The following paragraphs have been excerpted from the biographical note accompanying the publication of my poem "The Raven Was Right" in Green Integer's most recent Gertrude Stein Awards
Born in Seattle, Washington, Carter Ratcliff grew up in Michigan and Ohio. In 1963, he earned a BA in English from the University of Chicago. By 1967, he had settled in New York and found his way into the milieu of the St. Mark's Poetry Project. His poems first appeared in The World, the Poetry Project magazine. Early in the 1970s, he conducted one of the Project's poetry workshops. With the publication of his gallery reviews in Artnews, in 1969, Ratcliff joined the ranks of those New York poets who pursue a second career as art critics.
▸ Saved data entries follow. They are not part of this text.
lemma block_rotate_Suc: "block_rotate (Suc N) = block_rotate N \<circ> block_cycle N"
proof
  fix x
  have new_block: "block_rotate (Suc N) (4 * N) = 4 * N + 1" "block_rotate (Suc N) (4 * N + 1) = 4 * N + 2"
    "block_rotate (Suc N) (4 * N + 2) = 4 * N + 3" "block_rotate (Suc N) (4 * N + 3) = 4 * N"
    by (simp_all only: block_rotate_block[of N "Suc N", OF lessI])
  have outside: "block_rotate N y = y" if "4 * N \<le> y" for y
    using that by (simp add: block_rotate_def)
  consider "x < 4 * N" | "x = 4 * N + 0" | "x = 4 * N + 1" | "x = 4 * N + 2" | "x = 4 * N + 3"
    | "4 * N + 4 \<le> x"
    by linarith
  then show "block_rotate (Suc N) x = (block_rotate N \<circ> block_cycle N) x"
  proof cases
    case 1
    then show ?thesis
      by (simp add: block_rotate_def Transposition.transpose_def)
  next
    case 6
    then show ?thesis
      using outside by (simp add: block_rotate_def Transposition.transpose_def)
  qed (use new_block outside in \<open>simp_all add: Transposition.transpose_def\<close>)
qed

lemma block_rotate_zero: "block_rotate 0 = id"
  by (simp add: fun_eq_iff block_rotate_def)

lemma block_rotate_permutes: "block_rotate N permutes {0..<4 * N}"
proof (induction N)
  case 0
  show ?case
    unfolding block_rotate_zero by (rule permutes_id)
next
  case (Suc N)
  have "block_rotate N permutes {0..<4 * Suc N}"
    using Suc.IH by (rule permutes_subset) auto
  then show ?case
    unfolding block_rotate_Suc by (intro permutes_compose permutes_swap_id) auto
qed

lemma sign_block_rotate: "sign (block_rotate N) = (-1) ^ N"
proof (induction N)
  case 0
  show ?case
    by (simp add: block_rotate_zero)
next
  case (Suc N)
  let ?t1 = "Transposition.transpose (4 * N) (4 * N + 1)"
    and ?t2 = "Transposition.transpose (4 * N + 1) (4 * N + 2)"
    and ?t3 = "Transposition.transpose (4 * N + 2) (4 * N + 3)"
  have "permutation ?t1" "permutation ?t2" "permutation ?t3" "permutation (block_rotate N)"
    using block_rotate_permutes permutes_imp_permutation by (blast intro: permutation_swap_id)+
  then have "sign (block_rotate (Suc N)) = sign (block_rotate N) * (sign ?t1 * (sign ?t2 * sign ?t3))"
    unfolding block_rotate_Suc by (simp add: sign_compose permutation_compose)
  then show ?case
    using Suc.IH by (simp add: sign_swap_id)
qed

lemma dicyclic_y_mult_enum:
  assumes "q < 4 * n"
  shows "(int n, 1) \<otimes>\<^bsub>dicyclic n\<^esub> dicyclic_enum n q = dicyclic_enum n (block_rotate n q)"
  using assms
proof (cases rule: dicyclic_enum_cases)
  case (zero l)
  then have "dicyclic_enum n (block_rotate n q) = (int n - int l, 1)"
    by (simp only: block_rotate_block dicyclic_enum_block)
  then show ?thesis
    using zero by (simp add: dicyclic_simps dicyclic_mult_def)
next
  case (one l)
  then have "dicyclic_enum n (block_rotate n q) = (int n + int l, 0)"
    by (simp only: block_rotate_block dicyclic_enum_block)
  then show ?thesis
    using one by (simp add: dicyclic_simps dicyclic_mult_def)
next
  case (two l)
  then have "dicyclic_enum n (block_rotate n q) = ((- int l) mod (2 * int n), 1)"
    by (simp only: block_rotate_block dicyclic_enum_block)
  then show ?thesis
    using two by (simp add: dicyclic_simps dicyclic_mult_def)
next
  case (three l)
  then have "dicyclic_enum n (block_rotate n q) = (int l, 0)"
    by (simp only: block_rotate_block dicyclic_enum_block)
  moreover have "(int n - (- int l) mod (2 * int n) + int n) mod (2 * int n) = int l"
  proof -
    have "int n - (- int l) mod (2 * int n) + int n = 2 * int n - (- int l) mod (2 * int n)"
      by simp
    then have "(int n - (- int l) mod (2 * int n) + int n) mod (2 * int n)
        = (- ((- int l) mod (2 * int n))) mod (2 * int n)"
      by (simp only: minus_mod_self1)
    also have "\<dots> = int l"
      using \<open>l < n\<close> by (simp add: mod_minus_eq)
    finally show ?thesis .
  qed
  ultimately show ?thesis
    using three by (simp add: dicyclic_simps dicyclic_mult_def)
qed

lemma group_det_dicyclic_left_translate:
  assumes n: "n > 0"
  shows "group_det (dicyclic n) (\<lambda>g. f ((int n, 1) \<otimes>\<^bsub>dicyclic n\<^esub> g)) = (-1) ^ n * group_det (dicyclic n) f"
proof -
  interpret G: group "dicyclic n"
    by (rule group_dicyclic[OF n])
  have y: "(int n, 1) \<in> carrier (dicyclic n)"
    using n by (simp add: dicyclic_simps)
  have rotate_less: "block_rotate n p < 4 * n" if "p < 4 * n" for p
    using permutes_in_image[OF block_rotate_permutes] that by auto
  have "dicyclic_group_matrix n (\<lambda>g. f ((int n, 1) \<otimes>\<^bsub>dicyclic n\<^esub> g))
      = mat (4 * n) (4 * n) (\<lambda>(p, q). dicyclic_group_matrix n f $$ (block_rotate n p, q))"
  proof (rule eq_matI)
    fix p q
    assume "p < dim_row (mat (4 * n) (4 * n) (\<lambda>(p, q). dicyclic_group_matrix n f $$ (block_rotate n p, q)))"
      and "q < dim_col (mat (4 * n) (4 * n) (\<lambda>(p, q). dicyclic_group_matrix n f $$ (block_rotate n p, q)))"
    then have p: "p < 4 * n" and q: "q < 4 * n"
      by simp_all
    have "(int n, 1) \<otimes>\<^bsub>dicyclic n\<^esub> (dicyclic_enum n p \<otimes>\<^bsub>dicyclic n\<^esub> inv\<^bsub>dicyclic n\<^esub> dicyclic_enum n q)
        = dicyclic_enum n (block_rotate n p) \<otimes>\<^bsub>dicyclic n\<^esub> inv\<^bsub>dicyclic n\<^esub> dicyclic_enum n q"
      using y p q by (simp add: G.m_assoc dicyclic_enum_in_carrier flip: dicyclic_y_mult_enum)
    then show "dicyclic_group_matrix n (\<lambda>g. f ((int n, 1) \<otimes>\<^bsub>dicyclic n\<^esub> g)) $$ (p, q)
        = mat (4 * n) (4 * n) (\<lambda>(p, q). dicyclic_group_matrix n f $$ (block_rotate n p, q)) $$ (p, q)"
      using p q rotate_less[OF p] by (simp add: dicyclic_group_matrix_def)
  qed (simp_all add: dicyclic_group_matrix_def)
  then show ?thesis
    unfolding group_det_dicyclic_eq_det[OF n]
    using det_permute_rows[OF _ block_rotate_permutes, of "dicyclic_group_matrix n f"]
    by (simp add: dicyclic_group_matrix_def sign_block_rotate)
qed

lemma group_det_valuesI: "group_det G x = m \<Longrightarrow> m \<in> group_det_values G"
  by (auto simp: group_det_values_def)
Though Ratcliff has said, "My poems are all love poems," his poetry ranges over many themes and subjects, among them landscape and, in particular, the American sense of space; the interplay of poetry and painting; politics, with an emphasis on questions of individual agency; the nature of narrative, as exemplified by such genres as the detective story and the political thriller; figures of ancient myth and tragedy; and the characters of the commedia dell'arte. "A quality of language brings with it an intuition of character," says Ratcliff. "When I put my sense of another's voice into play I am brought by a roundabout path to my own interests. Or to some of them. The full range of my voices brings me to the full array of my interests. This is anything but mysterious. The dramatic monologue is about as transparent as a fiction can be. To elaborate it--to speak in a variety of obviously made-up voices--is to stay alive to something we all know, that meaning is not only a work in progress but a perennial collaboration between oneself and all the others, real and fictional, who inhabit one's landscape."